= Provided records =
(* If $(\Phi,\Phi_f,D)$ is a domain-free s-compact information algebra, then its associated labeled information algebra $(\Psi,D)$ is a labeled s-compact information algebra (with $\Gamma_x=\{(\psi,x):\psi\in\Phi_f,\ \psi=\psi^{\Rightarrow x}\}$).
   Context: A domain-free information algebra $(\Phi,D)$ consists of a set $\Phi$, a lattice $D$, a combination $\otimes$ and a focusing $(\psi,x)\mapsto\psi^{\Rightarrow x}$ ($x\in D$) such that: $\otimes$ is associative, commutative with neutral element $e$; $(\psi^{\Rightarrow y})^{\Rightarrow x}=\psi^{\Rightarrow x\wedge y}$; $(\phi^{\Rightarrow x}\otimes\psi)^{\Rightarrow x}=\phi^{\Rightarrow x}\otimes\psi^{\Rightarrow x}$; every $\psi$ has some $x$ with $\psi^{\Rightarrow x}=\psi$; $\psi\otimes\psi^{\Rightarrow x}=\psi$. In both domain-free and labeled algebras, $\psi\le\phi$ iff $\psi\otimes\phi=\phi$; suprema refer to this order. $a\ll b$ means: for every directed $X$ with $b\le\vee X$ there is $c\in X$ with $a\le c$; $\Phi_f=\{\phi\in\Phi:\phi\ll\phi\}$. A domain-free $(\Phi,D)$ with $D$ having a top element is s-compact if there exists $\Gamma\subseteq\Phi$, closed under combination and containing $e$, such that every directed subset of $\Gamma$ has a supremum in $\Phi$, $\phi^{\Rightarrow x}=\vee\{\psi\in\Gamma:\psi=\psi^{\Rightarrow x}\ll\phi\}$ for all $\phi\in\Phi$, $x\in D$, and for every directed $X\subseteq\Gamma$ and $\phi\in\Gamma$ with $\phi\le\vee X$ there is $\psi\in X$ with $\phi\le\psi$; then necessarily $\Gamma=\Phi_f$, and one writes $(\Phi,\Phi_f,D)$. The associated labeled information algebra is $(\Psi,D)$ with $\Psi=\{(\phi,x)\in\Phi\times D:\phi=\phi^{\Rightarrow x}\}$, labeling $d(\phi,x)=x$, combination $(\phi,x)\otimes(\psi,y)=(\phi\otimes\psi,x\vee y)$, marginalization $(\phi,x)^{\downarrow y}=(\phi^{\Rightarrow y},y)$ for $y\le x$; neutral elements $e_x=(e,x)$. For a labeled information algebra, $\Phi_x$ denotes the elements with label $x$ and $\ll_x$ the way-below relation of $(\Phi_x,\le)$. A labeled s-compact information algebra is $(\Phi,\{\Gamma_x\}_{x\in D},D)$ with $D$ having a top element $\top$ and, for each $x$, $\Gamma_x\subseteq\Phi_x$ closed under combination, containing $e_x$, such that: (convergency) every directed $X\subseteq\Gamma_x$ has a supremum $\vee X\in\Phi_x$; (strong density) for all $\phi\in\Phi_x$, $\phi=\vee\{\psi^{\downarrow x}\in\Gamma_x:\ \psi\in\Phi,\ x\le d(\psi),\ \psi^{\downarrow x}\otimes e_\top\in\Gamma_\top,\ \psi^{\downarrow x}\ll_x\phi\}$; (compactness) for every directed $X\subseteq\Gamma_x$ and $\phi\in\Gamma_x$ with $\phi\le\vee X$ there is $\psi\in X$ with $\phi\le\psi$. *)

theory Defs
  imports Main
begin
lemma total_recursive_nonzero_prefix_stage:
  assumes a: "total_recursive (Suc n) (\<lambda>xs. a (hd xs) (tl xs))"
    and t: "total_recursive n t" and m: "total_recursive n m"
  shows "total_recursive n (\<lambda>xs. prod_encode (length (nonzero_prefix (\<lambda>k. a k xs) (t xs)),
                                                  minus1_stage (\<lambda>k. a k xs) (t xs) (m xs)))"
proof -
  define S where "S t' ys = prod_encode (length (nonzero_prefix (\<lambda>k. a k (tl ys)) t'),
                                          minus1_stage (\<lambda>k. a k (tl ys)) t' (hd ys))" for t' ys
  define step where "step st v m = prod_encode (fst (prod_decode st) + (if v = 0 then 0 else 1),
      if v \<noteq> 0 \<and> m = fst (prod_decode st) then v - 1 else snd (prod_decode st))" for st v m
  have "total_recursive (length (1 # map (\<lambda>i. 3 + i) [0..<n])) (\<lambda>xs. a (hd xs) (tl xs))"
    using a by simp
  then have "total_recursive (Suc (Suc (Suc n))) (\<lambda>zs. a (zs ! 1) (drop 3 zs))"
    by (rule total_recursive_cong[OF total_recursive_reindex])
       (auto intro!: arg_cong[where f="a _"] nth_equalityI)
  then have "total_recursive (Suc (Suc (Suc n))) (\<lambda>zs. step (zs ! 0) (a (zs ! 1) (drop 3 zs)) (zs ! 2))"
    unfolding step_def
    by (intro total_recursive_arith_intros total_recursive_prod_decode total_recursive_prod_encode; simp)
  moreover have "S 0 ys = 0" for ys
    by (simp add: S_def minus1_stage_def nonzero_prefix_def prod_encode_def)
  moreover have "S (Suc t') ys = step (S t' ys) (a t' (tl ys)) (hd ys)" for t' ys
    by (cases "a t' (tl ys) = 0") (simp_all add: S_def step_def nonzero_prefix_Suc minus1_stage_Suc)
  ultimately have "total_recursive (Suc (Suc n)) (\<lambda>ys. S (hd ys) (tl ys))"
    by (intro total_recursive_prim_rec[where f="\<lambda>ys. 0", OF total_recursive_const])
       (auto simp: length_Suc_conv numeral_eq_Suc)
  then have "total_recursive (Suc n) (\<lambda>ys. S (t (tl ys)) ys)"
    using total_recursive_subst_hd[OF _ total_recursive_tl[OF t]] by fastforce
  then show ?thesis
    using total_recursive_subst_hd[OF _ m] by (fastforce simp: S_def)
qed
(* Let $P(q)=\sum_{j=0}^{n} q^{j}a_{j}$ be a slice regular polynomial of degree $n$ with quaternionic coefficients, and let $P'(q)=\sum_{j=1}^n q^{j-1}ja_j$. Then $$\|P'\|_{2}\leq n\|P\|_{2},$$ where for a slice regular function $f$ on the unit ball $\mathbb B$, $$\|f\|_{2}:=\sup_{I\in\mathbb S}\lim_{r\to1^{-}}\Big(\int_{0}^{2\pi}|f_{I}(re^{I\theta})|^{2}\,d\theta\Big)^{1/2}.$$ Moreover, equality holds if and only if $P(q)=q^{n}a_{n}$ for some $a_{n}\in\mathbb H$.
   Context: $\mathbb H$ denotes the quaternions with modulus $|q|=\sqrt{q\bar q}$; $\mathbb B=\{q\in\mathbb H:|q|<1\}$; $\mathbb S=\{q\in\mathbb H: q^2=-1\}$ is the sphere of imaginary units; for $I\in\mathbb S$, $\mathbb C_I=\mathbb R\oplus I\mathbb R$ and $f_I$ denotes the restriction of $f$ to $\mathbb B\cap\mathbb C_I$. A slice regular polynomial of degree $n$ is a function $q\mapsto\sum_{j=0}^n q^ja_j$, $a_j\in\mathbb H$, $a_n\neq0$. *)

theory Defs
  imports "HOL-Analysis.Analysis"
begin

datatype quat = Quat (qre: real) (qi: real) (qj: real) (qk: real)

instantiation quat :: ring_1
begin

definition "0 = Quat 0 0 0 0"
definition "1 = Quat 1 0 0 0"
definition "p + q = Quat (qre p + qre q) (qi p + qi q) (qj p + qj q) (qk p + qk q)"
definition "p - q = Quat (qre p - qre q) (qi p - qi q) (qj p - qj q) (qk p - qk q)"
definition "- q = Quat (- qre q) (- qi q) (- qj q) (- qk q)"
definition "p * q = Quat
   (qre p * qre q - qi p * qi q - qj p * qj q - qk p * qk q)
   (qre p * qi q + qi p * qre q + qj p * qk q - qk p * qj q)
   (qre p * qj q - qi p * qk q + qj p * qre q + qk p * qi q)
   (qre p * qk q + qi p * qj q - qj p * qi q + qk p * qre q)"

= Task to complete =
Would you show every line in the data above that contains the string "drop"?

= Your solution =
  then have "total_recursive (Suc (Suc (Suc n))) (\<lambda>zs. a (zs ! 1) (drop 3 zs))"
  then have "total_recursive (Suc (Suc (Suc n))) (\<lambda>zs. step (zs ! 0) (a (zs ! 1) (drop 3 zs)) (zs ! 2))"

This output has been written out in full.